RFR(S): 8223217: [TESTBUG] Create JFR tests with JMX across container boundary
Erik Gahlin
erik.gahlin at oracle.com
Fri Feb 21 00:36:39 UTC 2020
Looks good.
I think null could be avoided all together and instead have something
like this:
static JMXConnector waitForJmxConnection(String host, int port) throws
Exception {
String urlPath = "/jndi/rmi://" + host + ":" + port + "/jmxrmi";
JMXServiceURL url = new JMXServiceURL("rmi", "", 0, urlPath);
while (true) {
try {
return JMXConnectorFactory.connect(url);
} catch (IOException e) {
System.out.println("establishJmxConnection() thrown
IOException: " + e.getMessage());
}
Thread.sleep(1000);
}
}
No need to send updated webrev if you change into the above.
Thanks
Erik
On 2020-02-21 01:20, mikhailo.seledtsov at oracle.com wrote:
>
> Hi Erik
>
> Thank you for review. See my comments inline:
>
> On 2/20/20 3:48 PM, Erik Gahlin wrote:
>> Hi Misha,
>>
>> Overall looks good.
>>
>> Does the consumer used with ProcessTools.startProcess get output one
>> line at a time? If so, there is no risk that the test reads half an
>> IP address.
> Yes, it does.
>>
>> In waitForJmxConnection you loop until the connector is not null.

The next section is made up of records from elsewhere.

(* Let $L>0$, $\rho\in C([0,L];[0,\infty))$ with $\rho(0)=0$, $\rho>0$ on $(0,L]$ and $V(0,0):=\int_0^L\rho(\zeta)/\zeta\,d\zeta<\infty$; let $V(r,z)=\int_0^L\rho(\zeta)((\zeta-z)^2+r^2)^{-1/2}d\zeta$. Let $\alpha>0$. (a) Suppose $\rho$ is monotonically increasing on some interval $[0,b]$, $b>0$, and let $\delta\in(0,1)$. Then $\lim_{z\to0+}\rho(z)\log z=0$ and $$\limsup_{z\to0+}V\Big(\exp\Big(-\tfrac{\alpha}{\rho((1+\delta)z)}\Big),z\Big)\le V(0,0)+2\alpha\le\liminf_{z\to0+}V\Big(\exp\Big(-\tfrac{\alpha}{\rho((1-\delta)z)}\Big),z\Big).$$ (b) Suppose $\rho$ is Dini continuous on some interval $[0,b]$, $b\in(0,L]$. Then $\lim_{z\to0+}\rho(z)\log z=0$ and $$\lim_{z\to0+}V(e^{-\alpha/\rho(z)},z)=V(0,0)+2\alpha.$$
   Context: For continuous $f:[a,b]\to\mathbb{R}$, the modulus of continuity is $\omega_f(t)=\sup\{|f(x)-f(y)|:x,y\in[a,b],|x-y|\le t\}$, and $f$ is Dini continuous if $\int_0^1\omega_f(t)/t\,dt<\infty$. *)

theory Defs
  imports "HOL-Analysis.Analysis" "HOL-Library.Liminf_Limsup"
begin

text \<open>The potential V(r,z) = int_0^L rho(zeta) ((zeta - z)^2 + r^2)^(-1/2) d zeta.
  Note V 0 0 = int_0^L rho(zeta)/zeta d zeta (since sqrt(zeta^2) = zeta on [0,L]).\<close>
definition pot :: "(real \<Rightarrow> real) \<Rightarrow> real \<Rightarrow> real \<Rightarrow> real \<Rightarrow> real" where
  "pot \<rho> L r z = integral {0..L} (\<lambda>\<zeta>. \<rho> \<zeta> / sqrt ((\<zeta> - z)\<^sup>2 + r\<^sup>2))"

definition modulus_cont :: "(real \<Rightarrow> real) \<Rightarrow> real \<Rightarrow> real \<Rightarrow> real \<Rightarrow> real" where
  "modulus_cont f a b t =
     Sup {\<bar>f x - f y\<bar> | x y. x \<in> {a..b} \<and> y \<in> {a..b} \<and> \<bar>x - y\<bar> \<le> t}"

definition dini_continuous_on :: "(real \<Rightarrow> real) \<Rightarrow> real \<Rightarrow> real \<Rightarrow> bool" where
  "dini_continuous_on f a b \<longleftrightarrow>
     continuous_on {a..b} f \<and>
     (\<lambda>t. modulus_cont f a b t / t) integrable_on {0..1}"

end

theory Submission
  imports Defs
begin

(*
  Split V(r, z) at a multiple c z of the height.  On the far part [c z, L], c > 1, the integrand
  is dominated by c/(c - 1) * rho(zeta)/zeta, so by dominated convergence it tends to V(0, 0)
  as z, r -> 0.  On the near part the kernel integrates explicitly,
    int_{z-a}^{z+b} ((zeta - z)^2 + r^2)^(-1/2) d zeta = arsinh (a/r) + arsinh (b/r),
  and for r = exp (-alpha/p) with p -> 0 and p ln z -> 0 one has p * arsinh (kappa z / r) -> alpha:
  the contribution 2 alpha comes entirely from -p ln r = alpha.  In case (a) monotonicity
  brackets rho on the near part between rho((1 - delta) z) and rho((1 + delta) z); in case (b)
  replacing rho by rho(z) on [0, 2z] costs at most 2 int_0^z omega(t)/t dt.  In both cases
  rho(z) ln z -> 0, since g(z) ln (1/z) <= 2 int_0^sqrt(z) g(t)/t dt for the monotone
  majorant g = rho resp. g = omega.
*)

section \<open>The kernel integral\<close>

lemma arsinh_div_eq_ln:
  fixes y r :: real
  assumes "r > 0"
  shows "arsinh (y / r) = ln (y + sqrt (y\<^sup>2 + r\<^sup>2)) - ln r"
proof -
  have sqrt_gt: "sqrt (y\<^sup>2 + r\<^sup>2) > \<bar>y\<bar>"
    using assms by (intro real_less_rsqrt) (simp add: power2_abs)
  have "sqrt ((y / r)\<^sup>2 + 1) = sqrt (y\<^sup>2 + r\<^sup>2) / r"
    using assms by (simp add: power_divide field_simps real_sqrt_divide)
  then have "y / r + sqrt ((y / r)\<^sup>2 + 1) = (y + sqrt (y\<^sup>2 + r\<^sup>2)) / r"
    by (simp add: add_divide_distrib)
  moreover have "y + sqrt (y\<^sup>2 + r\<^sup>2) > 0" using sqrt_gt by linarith
  ultimately show ?thesis using assms by (simp add: arsinh_real_def ln_div)
qed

>> This seems incorrect. I would expect JMXCinnectoryFactory to throw an
>> exception on failure, not return null. You may want to catch the
>> exception and retry.
>>
> I have updated the establishJmxConnection() method with try/catch,
> returning null in case if IOException occurs.
>
>> Not sure if it matters, but if the test fails with an exception, for
>> example in the file transfer, killContainer(containerName) will not
>> run and get cleaned up? Is that a problem? Try-finally would ensure
>> that it is always run.
>
> Good catch. It is always good to cleanup resources, otherwise orphaned
> container will keep running. I added try/finally as you recommend.
>
> Here is the updated webrev:
> http://cr.openjdk.java.net/~mseledtsov/8223217.04/
>
>
> Thanks,
>
> Misha
>
>>
>> Thanks
>> Erik
>>
>>> On 21 Feb 2020, at 00:23, mikhailo.seledtsov at oracle.com
>>> <mailto:mikhailo.seledtsov at oracle.com> wrote:
>>>
>>> I have resumed working on this issue, after some break for other
>>> activities.
>>>
>>> Here is the latest webrev:
>>> http://cr.openjdk.java.net/~mseledtsov/8223217.03/
>>>
>>> Please review.
>>>
>>> Summary of changes since last webrev:
>>>
>>> - simplified the observee "EventProducer.java" to a minimum: it
>>> communicates the self IP address, then produces events in a loop
>>>
>>> - the main test class TestJFRWithJMX.java now controls the
>>> observee; when done recording, it transfers the recording over JMX
>>> and kills the observee container
>>>
>>> - general cleanup
>>>
>>>
>>> Thanks,
>>>
>>> Misha
>>>
>>> *
>>> *
>>>
>>>
>>> On 12/10/19 6:27 AM, Erik Gahlin wrote:
>>>> Hi Misha,
>>>>
>>>> On 2019-12-05 19:06, mikhailo.seledtsov at oracle.com wrote:
>>>>> Hi Erik,
>>>>>
>>>>> On 12/4/19 11:30 PM, Erik Gahlin wrote:
>>>>>> Hi Misha,
>>>>>>
>>>>>> The recording may complete before:
>>>>>>
>>>>>> while (r.getRecordings().get(0).getState() !=
>>>>>> RecordingState.STOPPED)
>>>>>>
>>>>>> is reached, or the recording may mot even be created (added to
>>>>>> the list). This will result in an IndexOutOfBoundsException.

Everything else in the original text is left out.